ETHZilla Corporation(NASDAQ: ETHZ): A Deleveraging Sample of an ETH Treasury
ETHZilla Corporation was originally a clinical-stage biotech company focused on drug research and treatment development in areas like chronic pain, inflammation, and fibrosis. The company faced issues like cash shortages, poor liquidity, and slow R&D progress, with its stock price remaining low for a long time.
In August 2025, it raised $425-565 million through a private placement, with investors including加密机构 (crypto institutions) like Electric Capital, Polychain Capital, GSR, and Peter Thiel-related entities holding about 7.5%. These funds were directly used to purchase ETH and establish an Ethereum treasury. At its peak, ETHZilla had增持 (increased holdings to) about 102,000 ETH, worth approximately $210 million, with a per-coin entry cost of $3,841.
On November 13, 2025, ETHZilla began its first reduction of 8,293 ETH; on December 25, ETHZilla disclosed it had sold 24,291 ETH, generating proceeds of about $74.5 million. This transaction was part of redeeming outstanding senior secured convertible notes, making it the first sample of ETH treasury reduction. Currently, ETHZilla's ETH holdings are approximately 65,700 coins.

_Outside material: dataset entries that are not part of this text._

(* Let $F$ be a discrete time regulatory network on $[0,1]^d$ satisfying coordinatewise injectivity, let $(V,\mathcal A)$ be its underlying network, let $U\subset V$ be head-independent, and let $W:=V\setminus U$. Then $W$ is essential.
   Context: $V=\{1,\dots,d\}$; $K\in[0,1]^{d\times d}$ with $\sum_iK_{i,j}=1$ for each $j$; $s\in\{-1,0,1\}^{d\times d}$, $T\in[0,1]^{d\times d}$ with $s_{i,j}=0$ iff $K_{i,j}=0$ and $T_{i,j}=0$ iff $K_{i,j}=0$; $a\in[0,1]$; $H(x)=0$ for $x\le0$, $1$ otherwise; $F(x)_j=ax_j+(1-a)\sum_iK_{i,j}H(s_{i,j}(x_i-T_{i,j}))$. Underlying network: $\mathcal A=\{(i,j):K_{i,j}>0\}$. Coordinatewise injectivity: for each $j$, with $\mathcal F_j=\{x\mapsto ax+(1-a)\sum_i\epsilon_iK_{i,j}:\epsilon\in\{0,1\}^d\}$, distinct $f,f'\in\mathcal F_j$ have $f([0,1])\cap f'([0,1])=\emptyset$. Base partition: $\mathcal P_i$ is the set of nonempty level sets of $u\mapsto(H(s_{i,k}(u-T_{i,k})))_{k=1}^d$ on $[0,1]$, $\mathcal P=\{\prod_iI_i:I_i\in\mathcal P_i\}$; $\mathcal P^1=\mathcal P$, $\mathcal P^{t+1}=\{F^{-1}(\mathbf I)\cap\mathbf J\ne\emptyset:\mathbf I\in\mathcal P^t,\mathbf J\in\mathcal P\}$. $\mathcal Q^t=\{F^{t-1}(\mathbf I):\mathbf I\in\mathcal P^t\}$, $\mathcal Q_i^t=\{\Pi_i\mathbf J:\mathbf J\in\mathcal Q^t\}$. For $W'\subset V$, a $(W',t)$-specification is $\mathbf S=(S_i)_{i\in W'}$ with $S_i\in\mathcal Q_i^t$; $C(\mathbf S)=\{\mathbf J\in\mathcal Q^t:\Pi_i\mathbf J=S_i\ \forall i\in W'\}$ and $N(\mathbf S)=\#C(\mathbf S)$. $W$ is essential if there is $M\in\mathbb N$ with $N(\mathbf S)\le M$ for all $t\ge1$ and all $(W,t)$-specifications $\mathbf S$. $U$ is head-independent if (1) no arrow with tail in $U$ has head in $U$, and (2) distinct $i,i'\in U$ have $\{j:(i,j)\in\mathcal A\}\cap\{j:(i',j)\in\mathcal A\}=\emptyset$. *)

theory Defs
  imports Complex_Main "HOL-Library.FuncSet"
begin

text \<open>Vertices V = the finite type 'n (so d = CARD('n)); states are functions 'n => real.\<close>

definition Hv :: "real \<Rightarrow> real" where
  "Hv x = (if x \<le> 0 then 0 else 1)"

definition cube :: "('n \<Rightarrow> real) set" where
  "cube = {x. \<forall>i. x i \<in> {0..1}}"

definition dtrn_map :: "real \<Rightarrow> ('n::finite \<Rightarrow> 'n \<Rightarrow> real) \<Rightarrow> ('n \<Rightarrow> 'n \<Rightarrow> int)
    \<Rightarrow> ('n \<Rightarrow> 'n \<Rightarrow> real) \<Rightarrow> ('n \<Rightarrow> real) \<Rightarrow> ('n \<Rightarrow> real)" where
  "dtrn_map a K s T x = (\<lambda>j. a * x j + (1 - a) * (\<Sum>i\<in>UNIV. K i j * Hv (of_int (s i j) * (x i - T i j))))"

definition is_dtrn :: "real \<Rightarrow> ('n::finite \<Rightarrow> 'n \<Rightarrow> real) \<Rightarrow> ('n \<Rightarrow> 'n \<Rightarrow> int)
    \<Rightarrow> ('n \<Rightarrow> 'n \<Rightarrow> real) \<Rightarrow> bool" where
  "is_dtrn a K s T \<longleftrightarrow>
     a \<in> {0..1} \<and>
     (\<forall>i j. K i j \<in> {0..1}) \<and>
     (\<forall>j. (\<Sum>i\<in>UNIV. K i j) = 1) \<and>
     (\<forall>i j. s i j \<in> {-1, 0, 1}) \<and>
     (\<forall>i j. T i j \<in> {0..1}) \<and>
     (\<forall>i j. s i j = 0 \<longleftrightarrow> K i j = 0) \<and>
     (\<forall>i j. T i j = 0 \<longleftrightarrow> K i j = 0)"

definition arrows :: "('n \<Rightarrow> 'n \<Rightarrow> real) \<Rightarrow> ('n \<times> 'n) set" where
  "arrows K = {(i, j). K i j > 0}"

definition coord_map :: "real \<Rightarrow> ('n::finite \<Rightarrow> 'n \<Rightarrow> real) \<Rightarrow> 'n \<Rightarrow> ('n \<Rightarrow> bool) \<Rightarrow> real \<Rightarrow> real" where
  "coord_map a K j eps = (\<lambda>x. a * x + (1 - a) * (\<Sum>i\<in>UNIV. (if eps i then 1 else 0) * K i j))"

definition coordinatewise_injective :: "real \<Rightarrow> ('n::finite \<Rightarrow> 'n \<Rightarrow> real) \<Rightarrow> bool" where
  "coordinatewise_injective a K \<longleftrightarrow>
     (\<forall>j eps eps'. coord_map a K j eps \<noteq> coord_map a K j eps' \<longrightarrow>
        coord_map a K j eps ` {0..1} \<inter> coord_map a K j eps' ` {0..1} = {})"

definition sig :: "('n \<Rightarrow> 'n \<Rightarrow> int) \<Rightarrow> ('n \<Rightarrow> 'n \<Rightarrow> real) \<Rightarrow> 'n \<Rightarrow> real \<Rightarrow> ('n \<Rightarrow> real)" where
  "sig s T i u = (\<lambda>k. Hv (of_int (s i k) * (u - T i k)))"

definition base_part_i :: "('n \<Rightarrow> 'n \<Rightarrow> int) \<Rightarrow> ('n \<Rightarrow> 'n \<Rightarrow> real) \<Rightarrow> 'n \<Rightarrow> real set set" where
  "base_part_i s T i = {{u \<in> {0..1}. sig s T i u = sig s T i v} | v. v \<in> {0..1}}"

Similar to Empery, ETHZilla also embarked on the path of被迫卖币去杠杆 (forced coin selling for deleveraging). But the company is accelerating its转型 (transformation) towards RWA (Real World Asset tokenization), focusing on auto loans, home loans, land/commercial real estate, etc., with its first RWA token product expected to launch in early 2026, attempting to重塑价值 (reshape value) through business innovation.
Conclusion
The above are just a few representative samples, most of which are in the middle tier of the industry. They neither have the capital market pricing power of a company like Strategy, nor can they exit the stage悄无声息地 (silently) like the smallest companies. Beyond them, some smaller, structurally weaker DAT companies have already悄然消失 (quietly disappeared) in this round of correction;还有一些 (there are also) some companies that originally planned to transform but hadn't真正落地 (truly implemented) a treasury strategy, and have chosen to press the pause button after the financing environment suddenly tightened, even announcing termination before the project even started.

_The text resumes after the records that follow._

lemma deg_le_eq_0_if_vanish_on_lattice:
  fixes c :: complex
  assumes c: "c \<noteq> 0" and h: "h \<in> deg_le L"
    and vanish: "\<And>k l. cpoly_eval h (c * of_nat k, c * of_nat l) = 0"
  shows "h = 0"
proof
  fix a
  have eval: "cpoly_eval h x = (\<Sum>j\<le>L. (\<Sum>i\<le>L. h (i, j) * fst x ^ i) * snd x ^ j)" for x
  proof -
    have "cpoly_eval h x = (\<Sum>a\<in>indices_le L. h a * fst x ^ fst a * snd x ^ snd a)"
      by (rule cpoly_eval_deg_le[OF h])
    also have "\<dots> = (\<Sum>a\<in>{..L} \<times> {..L}. h a * fst x ^ fst a * snd x ^ snd a)"
      using h by (intro sum.mono_neutral_left) (auto simp: indices_le_def deg_le_def)
    also have "\<dots> = (\<Sum>i\<le>L. \<Sum>j\<le>L. h (i, j) * fst x ^ i * snd x ^ j)"
      by (subst sum.cartesian_product) (simp add: case_prod_beta')
    also have "\<dots> = (\<Sum>j\<le>L. \<Sum>i\<le>L. h (i, j) * fst x ^ i * snd x ^ j)"
      by (rule sum.swap)
    finally show ?thesis
      by (simp add: sum_distrib_right)
  qed
  have inner: "(\<Sum>i\<le>L. h (i, j) * (c * of_nat k) ^ i) = 0" if "j \<le> L" for j k
    by (rule coeffs_eq_0_if_vanish_on_multiples[where b = "\<lambda>j. \<Sum>i\<le>L. h (i, j) * (c * of_nat k) ^ i",
          OF c _ that]) (use vanish eval in simp)
  show "h a = 0 a"
  proof (cases "fst a \<le> L \<and> snd a \<le> L")
    case True
    then show ?thesis
      using coeffs_eq_0_if_vanish_on_multiples[where b = "\<lambda>i. h (i, snd a)", OF c inner]
      by (cases a) simp
  next
    case False
    then show ?thesis
      using h unfolding deg_le_def by (cases a) auto
  qed
qed

lemma deg_le_eq_0_if_vanish_on_triangle:
  fixes c :: complex
  assumes c: "c \<noteq> 0" and h: "h \<in> deg_le L"
    and vanish: "\<And>k l. k + l \<le> L \<Longrightarrow> cpoly_eval h (c * of_nat k, c * of_nat l) = 0"
  shows "h = 0"
  using poly_fun2_vanish_on_grid[OF poly_fun2_cpoly_eval[OF h] vanish]
  by (rule deg_le_eq_0_if_vanish_on_lattice[OF c h])
(* Let $(X,u)$ be a Čech closure space and $Y$ a topological space, let $Y^X$ be the set of all continuous maps $(X,u)\to Y$, let $(f_\lambda)_{\lambda\in\Lambda}$ be a net in $Y^X$ and $f\in Y^X$. Then $(f_\lambda)$ converges continuously to $f$ if and only if $$\overline{\lim_{\Lambda}}\, f_\lambda^{-1}(B)\subset f^{-1}(B)\quad\text{for every closed subset } B\subset Y.$$
   Context: A Čech closure space $(X,u)$ is a set $X$ with an operator $u:\mathcal P(X)\to\mathcal P(X)$ satisfying $u(\emptyset)=\emptyset$, $A\subset u(A)$, and $u(A\cup B)=u(A)\cup u(B)$. The interior is $\mathrm{int}_u A=X\setminus u(X\setminus A)$; $U$ is a neighbourhood of $x$ if $x\in\mathrm{int}_uU$. A topological space is regarded as a closure space with its (Kuratowski) closure operator. A map $f:(X,u)\to(Y,v)$ is continuous if $f(u(A))\subset v(f(A))$ for all $A\subset X$. A net $(x_\mu)$ converges to $x$ if it is eventually in every neighbourhood of $x$. A net $(f_\lambda)_{\lambda\in\Lambda}$ in $Y^X$ converges continuously to $f\in Y^X$ if, whenever a net $(x_\mu)_{\mu\in M}$ converges to $x$ in $(X,u)$, the net $(f_\lambda(x_\mu))_{(\lambda,\mu)\in\Lambda\times M}$ (coordinatewise order) converges to $f(x)$ in $Y$. For a net $(A_\lambda)_{\lambda\in\Lambda}$ of subsets of $X$, its upper limit $\overline{\lim_{\Lambda}}A_\lambda$ is the set of all $x\in X$ such that for every $\lambda_0\in\Lambda$ and every neighbourhood $U$ of $x$ there is $\lambda\ge\lambda_0$ with $A_\lambda\cap U\ne\emptyset$. *)

theory Defs
  imports "HOL-Analysis.Analysis"
begin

The 2026 correction acts like a mirror, reflecting the fragility and resilience of the DAT model. Those companies that relied purely on "storytelling + leverage" to rise are now paying the price for their aggressive expansion. Crypto faith may still exist, but it must ultimately coexist with the reality of cash flow, leverage management, and business sustainability.
The gap between top players and small and medium-sized companies is being持续拉大 (continuously widened) in this process. Rather than saying this is the end of the DAT model, it is more like the starting point of its stratification phase.